I mentioned in School’s Out for the Summer that Saturday mornings are one of the scheduled times that HisLordship and I devote to honest, open discussion. It occurred to me then that I had never really written anything about how we build this sort of communication in to our dynamic. It is so important and is also one of the things that really changed how we worked together and although I wrote about the importance of it in my early post, Communication , I didn’t give much specific detail on how we make it work for us.
I did explain that we have found that the communication is the glue that holds the rest together. When we stop communicating well, or openly, the other elements seem to be affected. In addition, if something challenges one of the other foundations, it is only through truly open communication that we can resolve it. But it wouldn’t work well if we waited until there was a problem to solve, although I would be lying if I said that had never happened. What we have tried to do is to have certain times of the week that we talk in a focussed way. Previous to this, I had talked at times when Sir was not listening and he had not listened at times when I had something to say. This led to a feeling that I was nagging him, and a feeling for him that he was being hounded or criticised. Not conducive to harmony or positive self esteem. One of the first things I felt when we began a more structured way of talking was relief. And then I felt hugely validated.
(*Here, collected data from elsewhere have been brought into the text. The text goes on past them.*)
(* Let $X$ be a separable absolutely strongly star-Hurewicz space. If $Y$ is a closed and discrete subset of $X$, then $|Y|<\mathfrak{b}$.
   Context: All spaces are regular. $St(A,\mathcal{U})=\bigcup\{U\in\mathcal{U}:U\cap A\neq\emptyset\}$. $\mathfrak{b}$ is the bounding number. $X$ is absolutely strongly star-Hurewicz if for each sequence $(\mathcal{U}_n:n\in\omega)$ of open covers and each dense subset $D$ of $X$ there are finite sets $F_n\subseteq D$ ($n\in\omega$) such that every $x\in X$ lies in $St(F_n,\mathcal{U}_n)$ for all but finitely many $n$. *)

theory Defs
  imports "HOL-Analysis.Analysis"
begin

definition star_of :: "'a set \<Rightarrow> 'a set set \<Rightarrow> 'a set" where
  "star_of A \<U> = \<Union>{U \<in> \<U>. U \<inter> A \<noteq> {}}"

definition open_cover :: "'a topology \<Rightarrow> 'a set set \<Rightarrow> bool" where
  "open_cover X \<U> \<longleftrightarrow> (\<forall>U\<in>\<U>. openin X U) \<and> \<Union>\<U> = topspace X"

definition dense_in :: "'a topology \<Rightarrow> 'a set \<Rightarrow> bool" where
  "dense_in X D \<longleftrightarrow> D \<subseteq> topspace X \<and> X closure_of D = topspace X"

definition absolutely_strongly_star_Hurewicz :: "'a topology \<Rightarrow> bool" where
  "absolutely_strongly_star_Hurewicz X \<longleftrightarrow>
     (\<forall>\<U> :: nat \<Rightarrow> 'a set set. \<forall>D.
        (\<forall>n. open_cover X (\<U> n)) \<and> dense_in X D \<longrightarrow>
        (\<exists>F :: nat \<Rightarrow> 'a set. (\<forall>n. finite (F n) \<and> F n \<subseteq> D) \<and>
           (\<forall>x\<in>topspace X. \<forall>\<^sub>F n in sequentially. x \<in> star_of (F n) (\<U> n))))"

definition le_star :: "(nat \<Rightarrow> nat) \<Rightarrow> (nat \<Rightarrow> nat) \<Rightarrow> bool" where
  "le_star f g \<longleftrightarrow> (\<forall>\<^sub>F n in sequentially. f n \<le> g n)"

definition unbounded_family :: "(nat \<Rightarrow> nat) set \<Rightarrow> bool" where
  "unbounded_family F \<longleftrightarrow> \<not> (\<exists>g. \<forall>f\<in>F. le_star f g)"

text \<open>\<open>|Y| < \<mathfrak>b\<close>: \<open>\<mathfrak>b\<close> is the least cardinality of an unbounded family,
  so \<open>|Y| < \<mathfrak>b\<close> means \<open>|Y|\<close> is strictly below the cardinality of every
  unbounded family.\<close>
definition card_less_bounding :: "'a set \<Rightarrow> bool" where
  "card_less_bounding Y \<longleftrightarrow> (\<forall>F. unbounded_family F \<longrightarrow> (card_of Y, card_of F) \<in> ordLess)"

end

theory Submission
  imports Defs
begin

text \<open>Suppose an unbounded family \<open>F \<subseteq> \<omega>\<^sup>\<omega>\<close> injects into \<open>Y\<close>. The members sent into the countable
  dense set \<open>D = {d 0, d 1, \<dots>}\<close> form a countable, hence bounded, family. For a member \<open>f\<close> sent
  to \<open>y \<notin> D\<close>, regularity and discreteness of \<open>Y\<close> give at stage \<open>n\<close> an open set meeting \<open>Y\<close> only
  in \<open>y\<close> and missing \<open>d 0, \<dots>, d (f n)\<close>; together with \<open>X - Y\<close> these form open covers. The finite
  sets \<open>F\<^sub>n \<subseteq> D\<close> provided by the star-Hurewicz property then reach past index \<open>f n\<close> for almost
  all \<open>n\<close>, so any \<open>g\<close> with \<open>F\<^sub>n \<subseteq> {d 0, \<dots>, d (g n)}\<close> bounds every such \<open>f\<close>.\<close>

definition bounded_family :: "(nat \<Rightarrow> nat) set \<Rightarrow> bool" where
  "bounded_family F \<longleftrightarrow> (\<exists>g. \<forall>f\<in>F. le_star f g)"

lemma unbounded_family_iff_not_bounded: "unbounded_family F \<longleftrightarrow> \<not> bounded_family F"
  by (simp add: unbounded_family_def bounded_family_def)

lemma bounded_family_subset: "bounded_family G \<Longrightarrow> F \<subseteq> G \<Longrightarrow> bounded_family F"
  unfolding bounded_family_def by blast

lemma bounded_family_Un:
  assumes "bounded_family F" and "bounded_family G"
  shows "bounded_family (F \<union> G)"
proof -
  obtain g1 g2 where "\<forall>f\<in>F. le_star f g1" and "\<forall>f\<in>G. le_star f g2"
    using assms unfolding bounded_family_def by blast
  then have "\<forall>f\<in>F \<union> G. le_star f (\<lambda>n. g1 n + g2 n)"
    unfolding le_star_def by (fastforce elim: eventually_mono)
  then show ?thesis unfolding bounded_family_def by blast
qed

lemma countable_imp_bounded_family:
  assumes "countable F"
  shows "bounded_family F"
proof (cases "F = {}")
  case True
  then show ?thesis by (simp add: bounded_family_def)
next
  case False
  define e where "e = from_nat_into F"
  have range_e: "range e = F"
    using False assms by (simp add: e_def range_from_nat_into)
  have "le_star (e k) (\<lambda>n. \<Sum>j\<le>n. e j n)" for k
    unfolding le_star_def eventually_sequentially by (auto intro!: member_le_sum)
  then show ?thesis
    unfolding bounded_family_def using range_e by blast
qed

lemma bounded_family_inj_on_split_countable:
  assumes "inj_on h F" and "countable D" and "bounded_family (inv_into F h ` (h ` F - D))"
  shows "bounded_family F"
proof -
  define F_in where "F_in = {f \<in> F. h f \<in> D}"
  have "countable F_in"
  proof (rule countable_image_inj_on)
    show "countable (h ` F_in)"
      using \<open>countable D\<close> by (rule countable_subset[rotated]) (auto simp: F_in_def)
    show "inj_on h F_in"
      using assms(1) by (rule inj_on_subset) (auto simp: F_in_def)
  qed
  have "f \<in> inv_into F h ` (h ` F - D)" if "f \<in> F" and "h f \<notin> D" for f
    using that assms(1) by (metis DiffI image_eqI inv_into_f_f)
  then have "F \<subseteq> F_in \<union> inv_into F h ` (h ` F - D)"
    by (auto simp: F_in_def)
  moreover have "bounded_family (F_in \<union> inv_into F h ` (h ` F - D))"
    using countable_imp_bounded_family[OF \<open>countable F_in\<close>] assms(3) by (rule bounded_family_Un)
  ultimately show ?thesis
    by (rule bounded_family_subset[rotated])
qed

lemma finite_subset_range_imp_subset_image_atMost:
  fixes d :: "nat \<Rightarrow> 'a"
  assumes "finite A" and "A \<subseteq> range d"
  shows "\<exists>m. A \<subseteq> d ` {..m}"
  using assms
proof (induction A rule: finite_induct)
  case empty
  then show ?case by auto
next
  case (insert x A)
  then obtain m j where "A \<subseteq> d ` {..m}" and "x = d j"
    by auto
  then have "insert x A \<subseteq> d ` {..max m j}"
    by auto
  then show ?case by blast
qed

lemma closure_of_singleton_in_closed_discrete:
  assumes "closedin X Y" and "subtopology X Y = discrete_topology Y" and "y \<in> Y"
  shows "X closure_of {y} = {y}"
proof -
  have "X closure_of {y} \<subseteq> Y"
    using assms by (simp add: closure_of_minimal)
  moreover have "Y \<inter> X closure_of {y} = {y}"
    using closure_of_subtopology[of X Y "{y}"] assms(2,3)
    by (simp add: discrete_topology_closure_of Int_absorb1)
  ultimately show ?thesis by blast
qed

lemma regular_space_separate_point_finite:
  assumes "regular_space X" and "X closure_of {y} = {y}" and "finite K" and "y \<notin> K"
  shows "\<exists>V. openin X V \<and> y \<in> V \<and> V \<inter> K = {}"
  using assms(3,4)
proof (induction K rule: finite_induct)
  case empty
  have "y \<in> topspace X"
    using assms(2) closure_of_subset_topspace by fastforce
  then show ?case by blast
next
  case (insert k K)
  then obtain V where V: "openin X V" "y \<in> V" "V \<inter> K = {}"
    by blast
  show ?case
  proof (cases "k \<in> topspace X")
    case False
    then show ?thesis
      using V openin_subset by blast
  next
    case True
    with insert.prems assms(2) have "k \<in> topspace X - X closure_of {y}"
      by auto
    then obtain U' V' where
      "openin X U'" "openin X V'" "k \<in> U'" "X closure_of {y} \<subseteq> V'" "disjnt U' V'"
      using assms(1) unfolding regular_space_def by (meson closedin_closure_of)
    then have "openin X (V \<inter> V') \<and> y \<in> V \<inter> V' \<and> (V \<inter> V') \<inter> insert k K = {}"
      using V assms(2) by (auto simp: disjnt_iff)
    then show ?thesis by blast
  qed
qed

lemma discrete_subtopology_isolating_open:
  assumes "subtopology X Y = discrete_topology Y" and "y \<in> Y"
  shows "\<exists>U. openin X U \<and> U \<inter> Y = {y}"
proof -
  have "openin (subtopology X Y) {y}"
    using assms by simp
  then show ?thesis
    unfolding openin_subtopology by auto
qed

lemma star_of_isolating_cover:
  assumes "y \<in> Y" and "\<And>z. z \<in> Y \<Longrightarrow> N z \<inter> Y = {z}"
    and "y \<in> star_of A (insert (S - Y) (N ` Y))"
  shows "N y \<inter> A \<noteq> {}"
proof -
  obtain C where C: "C \<in> insert (S - Y) (N ` Y)" "C \<inter> A \<noteq> {}" "y \<in> C"
    using assms(3) unfolding star_of_def by auto
  have "C \<noteq> S - Y"
    using C(3) assms(1) by auto
  then obtain z where "z \<in> Y" and "C = N z"
    using C(1) by auto
  moreover have "y \<in> N z \<inter> Y"
    using C(3) assms(1) \<open>C = N z\<close> by simp
  ultimately have "C = N y"
    using assms(2)[OF \<open>z \<in> Y\<close>] by simp
  with C(2) show ?thesis
    by simp
qed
I had his undivided attention and that gave me an enormous lift.
Discussing things fully while he listened and then took responsibility for making the decisions was massive progress for us. He was suddenly an essential and integral part of what we were doing, and my contribution to the planning and thought surrounding it was valued. This just took so much of the stress away that the second guessing can bring, not to mention the feeling of unwanted responsibility and guilt or blame if things didn’t work out. We were a couple, we were together, and this was about the both of us. But I have become sidetracked again in the result, rather than in the process. As I pointed out previously, as a couple we had always talked a lot and there were no topics really off limits so we could just have said that we were fine in that area but this was about the quality focussed discussion that would keep us travelling along the same road together, not the type where you are simply informing each other where you have been, or where you want to go.
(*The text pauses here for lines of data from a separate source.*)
lemma family_endo_mult_Fm:
  assumes fin: "finite X" and E: "\<And>x. x \<in> X \<Longrightarrow> E x y \<in> carrier_mat (mult_F x y) (mult_F x y)"
    and d: "d \<in> objs X" and e: "e \<in> objs X" and f: "f \<in> homs X d e" and y: "y \<in> Y"
  shows "family_endo E e y * Fm f y = mat_sum (Fo e y) (Fo d y) X (\<lambda>x. mat_sum (Fo e y) (Fo d y) {..<e x}
    (\<lambda>i. mat_sum (Fo e y) (Fo d y) {..<d x}
      (\<lambda>j. f x $$ (i, j) \<cdot>\<^sub>m (Fm (summand_incl X e x i) y * E x y * Fm (summand_proj X d x j) y))))"
proof -
  note Ff = Fm_carrier[OF d e f, of y]
  have "family_endo E e y * Fm f y = mat_sum (Fo e y) (Fo d y) X (\<lambda>x. mat_sum (Fo e y) (Fo d y) {..<e x}
      (\<lambda>i. (Fm (summand_incl X e x i) y * E x y * Fm (summand_proj X e x i) y) * Fm f y))"
    unfolding family_endo_at[OF y]
    by (subst mult_mat_sum_right[OF Ff])
      (auto intro!: mult_carrier_mat Fm_summand_incl_carrier[OF e] Fm_summand_proj_carrier[OF e] E
        simp: mat_sum_Sigma[OF fin])
  also have "\<dots> = mat_sum (Fo e y) (Fo d y) X (\<lambda>x. mat_sum (Fo e y) (Fo d y) {..<e x}
    (\<lambda>i. mat_sum (Fo e y) (Fo d y) {..<d x}
      (\<lambda>j. f x $$ (i, j) \<cdot>\<^sub>m (Fm (summand_incl X e x i) y * E x y * Fm (summand_proj X d x j) y))))"
  proof (intro mat_sum_cong)
    fix x i assume x: "x \<in> X" and i: "i \<in> {..<e x}"
    note I = Fm_summand_incl_carrier[OF e x, of i y] and Ex = E[OF x] and P = Fm_summand_proj_carrier[OF e x, of i y]
    have P': "Fm (summand_proj X d x j) y \<in> carrier_mat (mult_F x y) (Fo d y)" for j
      by (rule Fm_summand_proj_carrier[OF d x])
    have "(Fm (summand_incl X e x i) y * E x y * Fm (summand_proj X e x i) y) * Fm f y
      = (Fm (summand_incl X e x i) y * E x y) * (Fm (summand_proj X e x i) y * Fm f y)"
      using Ff I Ex P by (simp add: assoc_mult_mat_dim)
    also have "\<dots> = mat_sum (Fo e y) (Fo d y) {..<d x}
        (\<lambda>j. (Fm (summand_incl X e x i) y * E x y) * (f x $$ (i, j) \<cdot>\<^sub>m Fm (summand_proj X d x j) y))"
      using i I Ex P'
      by (simp add: Fm_summand_proj_mult[OF d e f x _ y] mult_mat_sum_left[OF mult_carrier_mat[OF I Ex]])
    also have "\<dots> = mat_sum (Fo e y) (Fo d y) {..<d x}
        (\<lambda>j. f x $$ (i, j) \<cdot>\<^sub>m (Fm (summand_incl X e x i) y * E x y * Fm (summand_proj X d x j) y))"
      by (rule mat_sum_cong)
        (use carrier_matD[OF I] carrier_matD[OF Ex] carrier_matD[OF P'] in \<open>simp add: mult_smult_distrib_dim\<close>)
    finally show "(Fm (summand_incl X e x i) y * E x y * Fm (summand_proj X e x i) y) * Fm f y
      = mat_sum (Fo e y) (Fo d y) {..<d x}
        (\<lambda>j. f x $$ (i, j) \<cdot>\<^sub>m (Fm (summand_incl X e x i) y * E x y * Fm (summand_proj X d x j) y))" .
  qed
  finally show ?thesis .
qed

lemma family_endo_natural:
  assumes fin: "finite X" and E: "\<And>x. x \<in> X \<Longrightarrow> E x y \<in> carrier_mat (mult_F x y) (mult_F x y)"
    and d: "d \<in> objs X" and e: "e \<in> objs X" and f: "f \<in> homs X d e" and y: "y \<in> Y"
  shows "Fm f y * family_endo E d y = family_endo E e y * Fm f y"
proof -
  have "Fm f y * family_endo E d y = mat_sum (Fo e y) (Fo d y) X (\<lambda>x. mat_sum (Fo e y) (Fo d y) {..<d x}
    (\<lambda>j. mat_sum (Fo e y) (Fo d y) {..<e x}
      (\<lambda>i. f x $$ (i, j) \<cdot>\<^sub>m (Fm (summand_incl X e x i) y * E x y * Fm (summand_proj X d x j) y))))"
    by (rule Fm_mult_family_endo[where E = E and y = y, OF fin E d e f y])
  also have "\<dots> = mat_sum (Fo e y) (Fo d y) X (\<lambda>x. mat_sum (Fo e y) (Fo d y) {..<e x}
    (\<lambda>i. mat_sum (Fo e y) (Fo d y) {..<d x}
      (\<lambda>j. f x $$ (i, j) \<cdot>\<^sub>m (Fm (summand_incl X e x i) y * E x y * Fm (summand_proj X d x j) y))))"
    by (rule mat_sum_cong, rule mat_sum_swap)
  also have "\<dots> = family_endo E e y * Fm f y"
    by (rule family_endo_mult_Fm[where E = E and y = y, OF fin E d e f y, symmetric])
  finally show ?thesis .
qed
So as a minimum we will talk like this one of the mornings at the weekend (usually a Saturday) and also once during the week – usually on a Wednesday before our weekly cane session. During this time we talk about things like what is working well, what isn’t working so well, things that we would like to do and sometimes we also talk about where we want to see our relationship go. It is sort of a dealing with issues session and also a chance to reflect back on where we have come from and to look forward to where we want to go. Clearly we don’t do all of this all every time we talk but we will combine these elements, depending on what is most relevant and significant at the time.
Although I will always try to remain respectful in the way that I speak to HisLordship during this discussion, it will be a time that I will speak much more freely and openly than I might other times. This has worked well as, rather than blurting things out as they come to mind, it will be a calmer more considered discussion than one that we might have had before so I will have thought about what I want to say and how I want to say it before we begin. He does the same and will often have some things written down that he wishes to address. Although we can be interrupted (such is life), there is a clear beginning, middle and end and Sir will take the lead and sum up the main points, especially those for action. This has led to us working much better together as we are both much clearer about the outcomes, decisions and responsibilities than we used to be.
Although we will use these structured times to reflect, evaluate and plan, either of us can and will ask for this type of discussion as and when the need arises. As with anything, it will not fit neatly into an exact package all the time as life is not always predictable, nor would we want it to be. Although I think that good, open communication is essential to the success of any relationship, how you achieve that will be a personal thing so I am not suggesting our way should be your way, I am merely offering food for thought and an insight into how we have made it work for us. As I said before, we have found that communicating in a much more structured and open way has helped to keep us on track, especially at the early stage, and it has been vital to us in building the trust that allows us to enjoy the intimacy and intensity that we want to have.